# Duncndisorderly's WIP



## duncndisorderly (May 10, 2012)

Hi all, this is my first post outside of a quick intro so I'll just get on with it.
the following are my grey knights WIP.
first my Contemptor dread
At this stage I had basically tacked the model together. 




























leading on from here it was an undercoat and drybrush










from this point in I basically added lots of layers of green wash and blue wash with three green to every one blue, Im going for corroded look on the armour which fits the fluff of my Knights being stationed on a death world with a corrosive atmosphere, again I'm waffling


----------



## duncndisorderly (May 10, 2012)

same as above but this time with the flash on

















just noticed a chip in the paint on the leg, oh buggeration


----------



## duncndisorderly (May 10, 2012)

and too finish off, a nice little bit of headwork


----------



## duncndisorderly (May 10, 2012)

So this is the completed Contemptor and I’m really happy with this piece and will be doing my 2nd Contemptor in the same style to match

























next up my nemesis Dread Knight Mordrac the Ghost Knight


----------



## duncndisorderly (May 10, 2012)

I magnetised the arms and there supports to allow me to adjust the pose on the arms, paint wise I’m gonna aim this one to be similar to the dreadknights, kind of a weathered metallic feel


----------



## duncndisorderly (May 10, 2012)

I moved on at pace with this model which is often the way, I seem to find a few days to paint and crack on with it then weeks go by with no progress at all, so heres the base for the NDK, again I'm going for that corrosive theme










Pilot










And another shot


----------



## duncndisorderly (May 10, 2012)

This is my Mordrak conversion, you may recognise the torso as Lysander , next step undercoat


----------



## duncndisorderly (May 10, 2012)

Sorry Mordrak bumped the NDK, anyway back to business

This was basically the completion of the NDK
First of I got round to sorting out the sword, basically drybrush boltgun then loads of layers of asurmen blue, little lightning and then a gloss varnish, would really appreciate C&C on this as I have another sword which i'm thinking of doing the same way but using Baal red and going for a burning lava type effect for the other hand.
Flash off








Flash on









I also attempted to sort the pilot out as he was in danger of disappearing into the background so I redid the armor to make it stand out a little more


















Needless to say I still have a little more work to do but overall I'm really pleased with how this piece is coming together


----------



## duncndisorderly (May 10, 2012)

And a couple of shots of Brother Faethor with Brother Thibor too finish off



















All C&C welcomed and thanks for taking the time too look


----------



## Red Corsairs (Jun 8, 2008)

Great work on the Contemptor and the Dreadknight. The weathered metallics look top notch. Nice job on the conversion too.


----------



## duncndisorderly (May 10, 2012)

Next Project:
I really wanted to make a GM for my Grey Knights that looked different, (still needs a name if anyone has any ideas) so i grabbed the Tyrant of Badab mini from forgeworld and got stuck in to my bits box and have come up with the following bits (Blu-Tacked on at the moment)

















from there 

I have removed the warding stave end from the librarian arm and replaced it with a halberd, its actually a little longer than the standard halberd by about 4mm, not sure if I'm gonna cut it down or not, anyway I have now undercoated although everything is still Blu tacked at the moment pending a final fix.
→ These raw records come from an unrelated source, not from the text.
locale rotation_system =
  fixes V :: "'v set" and E :: "'v \<Rightarrow> 'v \<Rightarrow> bool" and rot :: "'v \<Rightarrow> 'v \<Rightarrow> 'v"
  assumes finite_V: "finite V"
    and edge_in_V: "E u w \<Longrightarrow> u \<in> V \<and> w \<in> V"
    and edge_sym: "E u w \<Longrightarrow> E w u"
    and edge_irrefl: "\<not> E u u"
    and bij_rot: "u \<in> V \<Longrightarrow> bij_betw (rot u) (nbrs E u) (nbrs E u)"

lemma plane_graph_rotation_system: "plane_graph V E rot \<Longrightarrow> rotation_system V E rot"
  by unfold_locales (simp_all add: plane_graph_def)

context rotation_system
begin

lemma finite_nbrs: "finite (nbrs E u)"
  using edge_in_V finite_V by (auto simp: nbrs_def intro: finite_subset)

lemma face_succ_in_darts: "d \<in> darts E \<Longrightarrow> face_succ rot d \<in> darts E"
proof -
  assume "d \<in> darts E"
  then obtain u w where d: "d = (u, w)" "E u w" by (auto simp: darts_def)
  then have "w \<in> V" "u \<in> nbrs E w" using edge_in_V edge_sym by (auto simp: nbrs_def)
  then have "rot w u \<in> nbrs E w" using bij_rot bij_betw_apply by metis
  then show ?thesis using d by (simp add: face_succ_def darts_def nbrs_def)
qed

lemma inj_on_face_succ: "inj_on (face_succ rot) (darts E)"
proof (rule inj_onI)
  fix d d' assume d: "d \<in> darts E" "d' \<in> darts E" "face_succ rot d = face_succ rot d'"
  obtain u w u' where uw: "d = (u, w)" "d' = (u', w)" "E u w" "E u' w" and "rot w u = rot w u'"
    using d by (auto simp: darts_def face_succ_def)
  moreover have "w \<in> V" "u \<in> nbrs E w" "u' \<in> nbrs E w"
    using uw edge_in_V edge_sym by (auto simp: nbrs_def)
  ultimately show "d = d'" using bij_rot bij_betw_imp_inj_on inj_onD by metis
qed

lemma funpow_face_succ_in_darts: "d \<in> darts E \<Longrightarrow> (face_succ rot ^^ n) d \<in> darts E"
  by (induction n) (auto simp: face_succ_in_darts)

lemma inj_on_funpow_face_succ: "inj_on (face_succ rot ^^ n) (darts E)"
proof (induction n)
  case (Suc n)
  have "inj_on (face_succ rot) ((face_succ rot ^^ n) ` darts E)"
    using inj_on_face_succ by (rule inj_on_subset) (auto simp: funpow_face_succ_in_darts)
  then show ?case using Suc comp_inj_on by (fastforce simp: comp_def)
qed simp

lemma facial_path_edge:
  assumes "facial_path V E rot vs" "Suc i < length vs"
  shows "E (vs ! i) (vs ! Suc i)"
proof -
  obtain d where "d \<in> darts E" "(face_succ rot ^^ i) d = (vs ! i, vs ! Suc i)"
    using assms by (auto simp: facial_path_def)
  then show ?thesis using funpow_face_succ_in_darts by (metis darts_def case_prodD mem_Collect_eq)
qed

text \<open>Face tracing is injective on darts, so the dart at any position fixes the starting dart.\<close>
lemma facial_path_eqI:
  assumes vs: "facial_path V E rot vs" and ws: "facial_path V E rot ws"
    and len: "length vs = length ws" and i: "Suc i < length vs"
    and "vs ! i = ws ! i" "vs ! Suc i = ws ! Suc i"
  shows "vs = ws"
proof -
  obtain d where d: "d \<in> darts E"
    "\<And>i. Suc i < length vs \<Longrightarrow> (face_succ rot ^^ i) d = (vs ! i, vs ! Suc i)"
    using vs by (auto simp: facial_path_def)
  obtain d' where d': "d' \<in> darts E"
    "\<And>i. Suc i < length ws \<Longrightarrow> (face_succ rot ^^ i) d' = (ws ! i, ws ! Suc i)"
    using ws by (auto simp: facial_path_def)
  have "(face_succ rot ^^ i) d = (face_succ rot ^^ i) d'"
    using d(2)[OF i] d'(2) i len assms(5,6) by simp
  then have dd: "d = d'" using inj_on_funpow_face_succ d(1) d'(1) by (metis inj_onD)
  show ?thesis
  proof (rule nth_equalityI)
    fix m assume m: "m < length vs"
    show "vs ! m = ws ! m"
    proof (cases "Suc m < length vs")
      case True
      then show ?thesis using d(2) d'(2) dd len by (metis fst_conv)
    next
      case False
      then have "m = Suc (m - 1)" "Suc (m - 1) < length vs" using m i by auto
      then show ?thesis using d(2) d'(2) dd len by (metis snd_conv)
    qed
  qed (fact len)
qed

definition facial_paths_through :: "'v \<Rightarrow> nat \<Rightarrow> 'v list set" where
  "facial_paths_through v n = {vs. facial_path V E rot vs \<and> length vs = n \<and> v \<in> set vs}"
lemma incidence_comp_dir_Suc:
  fixes sig :: "nat \<Rightarrow> 'a::finite \<Rightarrow> 'a list"
  shows "incidence (\<lambda>b. comp_dir sig (Suc n) [b])
    = incidence (\<lambda>b. comp_dir sig n [b]) ** incidence (sig n)"
proof -
  have "real (count_list (comp_dir sig (Suc n) [j]) i)
      = (\<Sum>c\<in>UNIV. real (count_list (comp_dir sig n [c]) i) * real (count_list (sig n j) c))" for i j
  proof -
    have "comp_dir sig (Suc n) [j] = concat (map (\<lambda>b. comp_dir sig n [b]) (sig n j))"
      using comp_dir_conv_concat[of sig n "sig n j"] by (simp add: morph_def)
    then show ?thesis
      by (simp add: count_list_concat_map of_nat_sum mult.commute)
  qed
  then show ?thesis
    by (simp add: incidence_def matrix_matrix_mult_def vec_eq_iff)
qed

lemma invertible_incidence_comp_dir:
  fixes sig :: "nat \<Rightarrow> 'a::finite \<Rightarrow> 'a list"
  assumes "\<And>n. invertible (incidence (sig n))"
  shows "invertible (incidence (\<lambda>b. comp_dir sig n [b]))"
proof (induction n)
  case 0
  have "incidence (\<lambda>b. comp_dir sig 0 [b]) = (mat 1 :: real^'a^'a)"
    by (simp add: incidence_def mat_def vec_eq_iff)
  then show ?case by (simp add: invertible_def)
next
  case (Suc n)
  then show ?case using incidence_comp_dir_Suc invertible_mult assms by metis
qed

definition dir_language :: "(nat \<Rightarrow> 'a \<Rightarrow> 'a list) \<Rightarrow> 'a list set" where
  "dir_language sig = {u. \<exists>n a. sublist u (comp_dir sig n [a])}"

lemma prefix_concat_map_decomp:
  assumes "\<And>b. length (\<tau> b) \<le> L" "prefix q (concat (map \<tau> v))"
  shows "\<exists>v' p. q = concat (map \<tau> v') @ p \<and> length p \<le> L"
  using assms(2)
proof (induction v arbitrary: q)
  case Nil
  then show ?case by (intro exI[of _ "[]"] exI[of _ q]) auto
next
  case (Cons b v)
  from Cons.prems consider "prefix q (\<tau> b)" | us where "q = \<tau> b @ us" "prefix us (concat (map \<tau> v))"
    by (auto simp: prefix_append)
  then show ?case
  proof cases
    case 1
    then have "length q \<le> L" using assms(1)[of b] prefix_length_le le_trans by blast
    then show ?thesis by (intro exI[of _ "[]"] exI[of _ q]) auto
  next
    case 2
    with Cons.IH obtain v' p where "q = \<tau> b @ concat (map \<tau> v') @ p" "length p \<le> L" by blast
    then show ?thesis by (intro exI[of _ "b # v'"] exI[of _ p]) auto
  qed
qed

lemma sublist_concat_map_decomp:
  assumes "\<And>b. length (\<tau> b) \<le> L" "sublist u (concat (map \<tau> v))"
  shows "\<exists>s v' p. u = s @ concat (map \<tau> v') @ p \<and> length s \<le> L \<and> length p \<le> L"
  using assms(2)
proof (induction v)
  case Nil
  then show ?case by (intro exI[of _ "[]"] exI[of _ "[]"] exI[of _ "[]"]) auto
next
  case (Cons b v)
  from Cons.prems consider "sublist u (\<tau> b)" | "sublist u (concat (map \<tau> v))"
    | xs ys where "u = xs @ ys" "suffix xs (\<tau> b)" "prefix ys (concat (map \<tau> v))"
    by (auto simp: sublist_append)
  then show ?case
  proof cases
    case 1
    then have "length u \<le> L" using assms(1)[of b] sublist_length_le le_trans by blast
    then show ?thesis by (intro exI[of _ u] exI[of _ "[]"]) auto
  next
    case 2
    then show ?thesis using Cons.IH by blast
  next
    case 3
    have "length xs \<le> L" using 3(2) assms(1)[of b] suffix_length_le le_trans by blast
    moreover obtain v' p where "ys = concat (map \<tau> v') @ p" "length p \<le> L"
      using prefix_concat_map_decomp[OF assms(1) 3(3)] by blast
    ultimately show ?thesis using 3(1) by (intro exI[of _ xs] exI[of _ v'] exI[of _ p]) auto
  qed
qed

lemma dir_language_decomp:
  fixes sig :: "nat \<Rightarrow> 'a::finite \<Rightarrow> 'a list"
  assumes L: "\<And>b. length (comp_dir sig n [b]) \<le> L"
  obtains K V where "\<And>u. u \<in> dir_language sig \<Longrightarrow> K < length u \<Longrightarrow>
    \<exists>s p. u = s @ concat (map (\<lambda>b. comp_dir sig n [b]) (V u)) @ p \<and> length s + length p \<le> 2 * L"
proof -
  define K where "K = Max ((\<lambda>(N, a). length (comp_dir sig N [a])) ` ({..<n} \<times> UNIV))"
  have "\<exists>v s p. u = s @ concat (map (\<lambda>b. comp_dir sig n [b]) v) @ p \<and> length s + length p \<le> 2 * L"
    if u: "u \<in> dir_language sig" "K < length u" for u
  proof -
    obtain N a where Na: "sublist u (comp_dir sig N [a])"
      using u(1) by (auto simp: dir_language_def)
    have "n \<le> N"
    proof (rule ccontr)
      assume "\<not> n \<le> N"
      then have "length (comp_dir sig N [a]) \<le> K"
        unfolding K_def by (intro Max_ge) auto
      with Na u(2) show False using sublist_length_le by fastforce
    qed
    then obtain v0 where "comp_dir sig N [a] = comp_dir sig n v0"
      using comp_dir_factor by blast
    with Na have "sublist u (concat (map (\<lambda>b. comp_dir sig n [b]) v0))"
      using comp_dir_conv_concat[of sig n v0] by simp
    from sublist_concat_map_decomp[OF L this] show ?thesis
      by (metis add_mono mult_2)
  qed
  then have "\<forall>u. \<exists>v. u \<in> dir_language sig \<and> K < length u \<longrightarrow>
      (\<exists>s p. u = s @ concat (map (\<lambda>b. comp_dir sig n [b]) v) @ p \<and> length s + length p \<le> 2 * L)"
    by blast
  from choice[OF this] obtain V where "\<forall>u. u \<in> dir_language sig \<and> K < length u \<longrightarrow>
      (\<exists>s p. u = s @ concat (map (\<lambda>b. comp_dir sig n [b]) (V u)) @ p \<and> length s + length p \<le> 2 * L)"
    by blast
  then show ?thesis
    by (intro that[of K V]) blast
qed

lemma invertible_bounded_preimage:
  fixes A :: "real^'n^'n"
  assumes "invertible A"
  shows "\<exists>B. \<forall>x. (\<forall>a. \<bar>(A *v x) $ a\<bar> \<le> c) \<longrightarrow> (\<forall>b. \<bar>x $ b\<bar> \<le> B)"
proof -
  obtain A' where A': "A' ** A = mat 1" using assms unfolding invertible_def by blast
  have "bounded_linear (\<lambda>y. A' *v y)"
    by (simp add: linear_conv_bounded_linear)
  then obtain K where K: "K > 0" "\<And>y. norm (A' *v y) \<le> norm y * K"
    using bounded_linear.pos_bounded by blast
  show ?thesis
  proof (intro exI allI impI)
    fix x :: "real^'n" and b
    assume h: "\<forall>a. \<bar>(A *v x) $ a\<bar> \<le> c"
    have "\<bar>x $ b\<bar> = \<bar>(A' *v (A *v x)) $ b\<bar>" by (simp add: matrix_vector_mul_assoc A')
    also have "\<dots> \<le> norm (A' *v (A *v x))" by (rule component_le_norm_cart)
    also have "\<dots> \<le> norm (A *v x) * K" using K by blast
    also have "norm (A *v x) \<le> (\<Sum>i\<in>UNIV. \<bar>(A *v x) $ i\<bar>)" by (rule norm_le_l1_cart)
    also have "\<dots> \<le> (\<Sum>i\<in>(UNIV::'n set). c)" using h by (intro sum_mono) auto
    finally show "\<bar>x $ b\<bar> \<le> real CARD('n) * c * K" using K by (simp add: mult_right_mono)
  qed
qed

lemma le_of_affine_bound:
  fixes x c C l :: real
  assumes "\<And>m. m \<ge> m0 \<Longrightarrow> (real m - l + 1) * x \<le> C + c * real m"
  shows "x \<le> c"
proof (rule ccontr)
  assume "\<not> x \<le> c"
  then have xc: "x - c > 0" by simp
  obtain m1 :: nat where m1: "real m1 > (C + \<bar>l\<bar> * \<bar>x\<bar> + \<bar>x\<bar>) / (x - c)"
    using reals_Archimedean2 by blast
  define m where "m = max m0 m1"
  have "real m * (x - c) > C + \<bar>l\<bar> * \<bar>x\<bar> + \<bar>x\<bar>"
    using m1 xc by (smt (verit) m_def mult_right_mono of_nat_le_iff max.cobounded2 pos_divide_less_eq)
  moreover have "(real m - l + 1) * x \<le> C + c * real m" using assms by (simp add: m_def)
  moreover have "- \<bar>l\<bar> * \<bar>x\<bar> \<le> - l * x" "- \<bar>x\<bar> \<le> x"
    by (auto simp: abs_mult[symmetric] abs_le_iff)
  ultimately show False by (simp add: algebra_simps)
qed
I have also finished a Strike Squad barring the bases :cheers: 

Strike Squad Vexlar from right to left, Brother Pylos, Brother Strobos, Justicar Vexlar










And Brothers Blatu and Belos










Group shot


----------



## duncndisorderly (May 10, 2012)

Update on my Grand Master
I have now added more detail and have build up the metal coats to give a more realistic steel plating effect (I think), I also did some work on the shoulders with writing on the books and washes on the gold, again not finished but getting close now. I do find that every time I take pictures I spot more bits that still need to be done but I'm beginning to see this as a good tool to check where I'm at
Apologies for the pictures but my camera phone is all I currently have so please bear with me, thanks for looking


----------



## KjellThorngaard (Oct 4, 2010)

That is a great looking model Dunc!


----------



## duncndisorderly (May 10, 2012)

And this is the final update on my GM who I'm now claiming is completed.
I give you Grand Master Pyros Vall, any C&C as usual appreciated


----------



## duncndisorderly (May 10, 2012)

Librarian Update
Brother Tiresias the farsighted


----------



## Old Man78 (Nov 3, 2011)

Lovely work!, great conversions, rep to you!


----------